** THE INPUT **
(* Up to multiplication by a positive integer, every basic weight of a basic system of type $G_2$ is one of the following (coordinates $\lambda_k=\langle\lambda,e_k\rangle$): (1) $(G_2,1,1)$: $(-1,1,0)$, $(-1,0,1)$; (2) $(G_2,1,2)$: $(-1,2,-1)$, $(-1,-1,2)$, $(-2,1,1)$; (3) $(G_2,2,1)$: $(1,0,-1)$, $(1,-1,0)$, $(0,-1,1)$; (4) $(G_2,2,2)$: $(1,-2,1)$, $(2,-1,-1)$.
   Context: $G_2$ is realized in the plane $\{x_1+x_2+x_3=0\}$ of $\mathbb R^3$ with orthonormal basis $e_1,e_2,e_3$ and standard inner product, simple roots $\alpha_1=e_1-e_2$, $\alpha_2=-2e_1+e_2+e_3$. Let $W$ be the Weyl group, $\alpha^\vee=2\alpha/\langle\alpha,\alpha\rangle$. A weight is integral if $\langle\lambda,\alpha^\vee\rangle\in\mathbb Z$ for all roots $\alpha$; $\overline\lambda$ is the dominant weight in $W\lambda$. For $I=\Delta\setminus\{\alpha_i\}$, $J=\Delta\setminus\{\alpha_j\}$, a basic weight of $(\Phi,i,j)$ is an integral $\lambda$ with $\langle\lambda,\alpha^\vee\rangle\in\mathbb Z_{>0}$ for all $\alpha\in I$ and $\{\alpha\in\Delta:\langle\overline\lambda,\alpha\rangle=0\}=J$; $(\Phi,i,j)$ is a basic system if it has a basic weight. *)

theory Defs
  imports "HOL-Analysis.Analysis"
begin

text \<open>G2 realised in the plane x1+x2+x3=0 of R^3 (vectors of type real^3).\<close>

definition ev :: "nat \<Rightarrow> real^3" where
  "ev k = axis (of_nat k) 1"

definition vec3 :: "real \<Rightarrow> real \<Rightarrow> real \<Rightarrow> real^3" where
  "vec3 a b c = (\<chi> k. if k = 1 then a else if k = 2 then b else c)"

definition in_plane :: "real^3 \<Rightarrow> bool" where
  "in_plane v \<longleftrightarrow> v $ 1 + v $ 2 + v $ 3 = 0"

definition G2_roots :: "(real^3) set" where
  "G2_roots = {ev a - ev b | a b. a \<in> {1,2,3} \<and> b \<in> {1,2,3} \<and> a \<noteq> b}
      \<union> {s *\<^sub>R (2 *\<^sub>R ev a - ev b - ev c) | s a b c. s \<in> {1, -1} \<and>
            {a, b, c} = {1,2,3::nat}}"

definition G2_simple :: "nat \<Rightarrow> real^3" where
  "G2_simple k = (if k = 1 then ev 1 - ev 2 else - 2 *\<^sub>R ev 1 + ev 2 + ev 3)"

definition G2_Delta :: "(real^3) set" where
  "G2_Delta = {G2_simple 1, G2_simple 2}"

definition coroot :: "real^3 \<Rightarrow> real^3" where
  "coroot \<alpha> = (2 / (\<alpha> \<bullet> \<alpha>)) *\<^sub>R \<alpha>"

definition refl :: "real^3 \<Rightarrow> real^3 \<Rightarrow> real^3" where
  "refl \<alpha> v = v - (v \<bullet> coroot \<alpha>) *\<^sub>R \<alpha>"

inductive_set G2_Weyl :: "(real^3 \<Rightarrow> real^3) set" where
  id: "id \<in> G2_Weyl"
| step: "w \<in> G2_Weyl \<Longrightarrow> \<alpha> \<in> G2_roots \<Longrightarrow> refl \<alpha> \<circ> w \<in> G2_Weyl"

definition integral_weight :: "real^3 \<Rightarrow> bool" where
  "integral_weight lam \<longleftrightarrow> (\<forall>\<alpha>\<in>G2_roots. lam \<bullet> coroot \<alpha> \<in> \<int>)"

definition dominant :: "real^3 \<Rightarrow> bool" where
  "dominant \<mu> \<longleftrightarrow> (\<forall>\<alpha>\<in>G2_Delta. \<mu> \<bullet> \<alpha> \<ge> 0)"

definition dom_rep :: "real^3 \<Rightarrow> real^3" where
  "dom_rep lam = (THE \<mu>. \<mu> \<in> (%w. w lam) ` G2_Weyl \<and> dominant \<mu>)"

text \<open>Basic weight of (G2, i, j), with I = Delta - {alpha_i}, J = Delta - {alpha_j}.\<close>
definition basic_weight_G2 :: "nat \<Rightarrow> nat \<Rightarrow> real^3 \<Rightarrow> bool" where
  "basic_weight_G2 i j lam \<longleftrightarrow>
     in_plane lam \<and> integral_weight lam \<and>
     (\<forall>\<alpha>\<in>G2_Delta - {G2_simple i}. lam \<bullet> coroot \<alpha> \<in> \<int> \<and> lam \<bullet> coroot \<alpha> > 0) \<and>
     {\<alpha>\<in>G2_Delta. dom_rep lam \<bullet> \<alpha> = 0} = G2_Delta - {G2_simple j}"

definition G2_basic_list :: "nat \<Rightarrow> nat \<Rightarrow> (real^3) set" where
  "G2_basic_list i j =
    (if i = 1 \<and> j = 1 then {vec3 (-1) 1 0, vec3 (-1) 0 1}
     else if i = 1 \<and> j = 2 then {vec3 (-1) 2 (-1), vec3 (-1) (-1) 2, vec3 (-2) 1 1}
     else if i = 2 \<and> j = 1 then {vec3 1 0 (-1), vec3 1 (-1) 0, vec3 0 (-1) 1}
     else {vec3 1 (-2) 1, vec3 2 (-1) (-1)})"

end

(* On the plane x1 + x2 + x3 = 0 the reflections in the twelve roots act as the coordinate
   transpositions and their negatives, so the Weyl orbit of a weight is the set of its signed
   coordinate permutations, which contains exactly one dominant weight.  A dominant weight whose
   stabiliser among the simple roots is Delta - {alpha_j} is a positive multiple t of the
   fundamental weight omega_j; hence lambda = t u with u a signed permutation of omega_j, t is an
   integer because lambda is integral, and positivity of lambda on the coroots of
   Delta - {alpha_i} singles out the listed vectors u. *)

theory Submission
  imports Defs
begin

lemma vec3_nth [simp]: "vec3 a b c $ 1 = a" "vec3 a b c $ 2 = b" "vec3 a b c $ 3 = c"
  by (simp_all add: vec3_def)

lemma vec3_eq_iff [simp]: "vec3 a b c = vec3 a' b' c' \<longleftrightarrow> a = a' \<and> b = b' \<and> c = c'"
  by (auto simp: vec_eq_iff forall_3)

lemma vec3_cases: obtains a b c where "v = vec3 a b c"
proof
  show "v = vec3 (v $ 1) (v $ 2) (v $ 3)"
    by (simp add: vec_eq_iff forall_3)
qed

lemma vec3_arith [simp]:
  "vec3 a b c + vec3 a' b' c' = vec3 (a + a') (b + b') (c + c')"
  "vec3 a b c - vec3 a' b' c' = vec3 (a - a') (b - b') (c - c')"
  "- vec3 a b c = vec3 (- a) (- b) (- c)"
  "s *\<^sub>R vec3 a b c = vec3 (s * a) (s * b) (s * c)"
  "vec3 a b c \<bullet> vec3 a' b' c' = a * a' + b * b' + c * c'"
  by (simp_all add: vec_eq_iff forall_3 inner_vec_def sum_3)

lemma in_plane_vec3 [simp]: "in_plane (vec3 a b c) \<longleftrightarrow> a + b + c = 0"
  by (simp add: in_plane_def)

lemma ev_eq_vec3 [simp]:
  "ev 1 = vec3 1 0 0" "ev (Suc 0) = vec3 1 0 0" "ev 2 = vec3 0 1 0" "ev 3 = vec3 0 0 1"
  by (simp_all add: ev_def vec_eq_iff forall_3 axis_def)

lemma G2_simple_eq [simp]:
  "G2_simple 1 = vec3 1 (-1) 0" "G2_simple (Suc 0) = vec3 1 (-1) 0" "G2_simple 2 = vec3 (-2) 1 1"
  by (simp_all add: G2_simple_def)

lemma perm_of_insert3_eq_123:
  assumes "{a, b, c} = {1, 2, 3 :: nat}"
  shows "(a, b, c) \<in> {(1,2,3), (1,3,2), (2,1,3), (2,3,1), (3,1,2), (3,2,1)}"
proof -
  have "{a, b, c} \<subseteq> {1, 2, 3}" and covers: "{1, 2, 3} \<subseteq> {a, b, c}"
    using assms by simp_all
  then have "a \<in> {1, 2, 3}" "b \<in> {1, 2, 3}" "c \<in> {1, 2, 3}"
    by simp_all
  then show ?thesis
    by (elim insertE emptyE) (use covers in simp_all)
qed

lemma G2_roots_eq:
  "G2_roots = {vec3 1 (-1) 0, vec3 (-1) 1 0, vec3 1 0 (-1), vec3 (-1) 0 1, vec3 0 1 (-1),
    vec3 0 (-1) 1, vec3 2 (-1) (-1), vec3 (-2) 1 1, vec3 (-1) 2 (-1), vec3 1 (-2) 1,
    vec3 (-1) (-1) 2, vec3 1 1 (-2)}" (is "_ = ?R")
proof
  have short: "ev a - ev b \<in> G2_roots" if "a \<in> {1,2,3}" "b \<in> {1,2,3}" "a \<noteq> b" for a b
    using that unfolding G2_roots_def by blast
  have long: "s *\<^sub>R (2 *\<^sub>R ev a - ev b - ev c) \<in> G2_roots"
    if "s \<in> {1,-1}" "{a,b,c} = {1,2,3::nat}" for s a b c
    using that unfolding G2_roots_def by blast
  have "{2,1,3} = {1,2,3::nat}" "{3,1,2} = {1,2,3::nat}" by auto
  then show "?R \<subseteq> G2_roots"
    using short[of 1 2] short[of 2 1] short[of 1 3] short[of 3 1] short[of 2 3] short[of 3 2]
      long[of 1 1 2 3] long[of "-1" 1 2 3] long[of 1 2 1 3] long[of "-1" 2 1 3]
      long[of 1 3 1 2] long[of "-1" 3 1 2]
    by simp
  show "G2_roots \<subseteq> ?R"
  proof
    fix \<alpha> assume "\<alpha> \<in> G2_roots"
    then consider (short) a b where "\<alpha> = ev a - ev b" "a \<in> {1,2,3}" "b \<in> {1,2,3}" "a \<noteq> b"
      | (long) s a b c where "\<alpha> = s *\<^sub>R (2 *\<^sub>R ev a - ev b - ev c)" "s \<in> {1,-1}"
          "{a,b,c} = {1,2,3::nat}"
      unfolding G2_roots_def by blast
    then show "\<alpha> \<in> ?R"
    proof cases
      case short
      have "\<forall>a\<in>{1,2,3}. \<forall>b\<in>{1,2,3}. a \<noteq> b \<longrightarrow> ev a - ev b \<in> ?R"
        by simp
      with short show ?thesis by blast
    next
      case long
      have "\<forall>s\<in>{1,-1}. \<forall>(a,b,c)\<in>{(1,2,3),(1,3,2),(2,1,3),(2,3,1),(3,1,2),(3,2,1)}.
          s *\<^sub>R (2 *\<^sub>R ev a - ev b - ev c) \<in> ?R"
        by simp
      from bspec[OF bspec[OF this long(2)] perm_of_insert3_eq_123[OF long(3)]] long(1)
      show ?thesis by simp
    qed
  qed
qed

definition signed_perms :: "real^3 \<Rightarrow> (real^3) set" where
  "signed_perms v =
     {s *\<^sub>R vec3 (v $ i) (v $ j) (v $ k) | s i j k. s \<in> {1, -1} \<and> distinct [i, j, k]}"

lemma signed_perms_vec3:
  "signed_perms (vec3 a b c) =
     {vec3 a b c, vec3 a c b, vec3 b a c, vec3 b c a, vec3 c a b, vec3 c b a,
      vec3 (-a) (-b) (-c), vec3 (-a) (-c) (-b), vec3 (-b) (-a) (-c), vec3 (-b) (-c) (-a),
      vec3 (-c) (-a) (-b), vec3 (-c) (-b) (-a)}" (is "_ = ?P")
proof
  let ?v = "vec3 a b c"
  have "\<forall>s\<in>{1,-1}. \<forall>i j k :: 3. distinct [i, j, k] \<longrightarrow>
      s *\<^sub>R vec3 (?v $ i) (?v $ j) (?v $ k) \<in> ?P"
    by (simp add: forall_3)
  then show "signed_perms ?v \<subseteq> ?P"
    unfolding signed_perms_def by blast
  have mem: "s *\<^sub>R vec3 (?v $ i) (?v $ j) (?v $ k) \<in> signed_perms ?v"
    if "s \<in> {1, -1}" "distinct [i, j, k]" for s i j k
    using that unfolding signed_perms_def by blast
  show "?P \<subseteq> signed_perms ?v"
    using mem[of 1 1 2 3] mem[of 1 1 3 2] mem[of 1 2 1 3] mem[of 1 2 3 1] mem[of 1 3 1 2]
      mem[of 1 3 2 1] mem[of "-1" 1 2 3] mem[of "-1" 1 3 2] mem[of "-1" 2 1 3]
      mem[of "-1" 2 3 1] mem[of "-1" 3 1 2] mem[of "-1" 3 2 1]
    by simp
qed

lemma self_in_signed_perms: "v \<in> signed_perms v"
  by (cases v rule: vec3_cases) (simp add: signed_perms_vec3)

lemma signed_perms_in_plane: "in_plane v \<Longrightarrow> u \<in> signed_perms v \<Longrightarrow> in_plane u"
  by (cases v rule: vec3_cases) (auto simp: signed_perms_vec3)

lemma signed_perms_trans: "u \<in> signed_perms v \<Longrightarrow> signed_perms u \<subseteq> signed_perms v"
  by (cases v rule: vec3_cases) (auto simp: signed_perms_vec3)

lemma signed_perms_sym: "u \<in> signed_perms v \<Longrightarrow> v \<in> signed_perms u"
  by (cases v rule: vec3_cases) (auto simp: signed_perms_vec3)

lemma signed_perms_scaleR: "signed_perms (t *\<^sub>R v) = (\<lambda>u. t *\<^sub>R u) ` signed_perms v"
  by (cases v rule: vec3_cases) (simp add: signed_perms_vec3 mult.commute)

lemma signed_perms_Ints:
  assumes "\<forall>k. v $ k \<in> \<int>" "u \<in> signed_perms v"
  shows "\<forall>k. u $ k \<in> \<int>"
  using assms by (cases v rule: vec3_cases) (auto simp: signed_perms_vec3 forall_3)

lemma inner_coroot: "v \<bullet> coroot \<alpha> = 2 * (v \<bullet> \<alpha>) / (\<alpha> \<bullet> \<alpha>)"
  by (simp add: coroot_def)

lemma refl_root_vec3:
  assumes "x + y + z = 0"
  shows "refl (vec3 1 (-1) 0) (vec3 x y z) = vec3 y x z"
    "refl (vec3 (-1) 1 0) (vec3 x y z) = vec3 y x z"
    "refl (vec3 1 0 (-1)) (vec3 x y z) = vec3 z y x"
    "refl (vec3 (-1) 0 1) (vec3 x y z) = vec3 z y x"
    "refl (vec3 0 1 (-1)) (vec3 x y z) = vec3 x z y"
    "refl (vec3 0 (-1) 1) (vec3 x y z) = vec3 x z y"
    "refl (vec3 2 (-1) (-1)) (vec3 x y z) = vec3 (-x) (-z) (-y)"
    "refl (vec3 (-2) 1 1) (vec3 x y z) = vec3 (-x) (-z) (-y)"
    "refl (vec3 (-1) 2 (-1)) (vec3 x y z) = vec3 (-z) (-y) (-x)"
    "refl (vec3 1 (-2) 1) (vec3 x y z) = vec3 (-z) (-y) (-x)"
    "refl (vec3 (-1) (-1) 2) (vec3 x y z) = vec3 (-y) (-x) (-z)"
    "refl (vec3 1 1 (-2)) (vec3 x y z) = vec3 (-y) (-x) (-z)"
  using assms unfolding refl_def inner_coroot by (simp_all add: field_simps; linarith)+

** DIRECTIONS **
Please show every line of the entries above that contains the word "assms".

** ANSWER BOX **
    using assms by simp_all
  using assms by (cases v rule: vec3_cases) (auto simp: signed_perms_vec3 forall_3)
  using assms unfolding refl_def inner_coroot by (simp_all add: field_simps; linarith)+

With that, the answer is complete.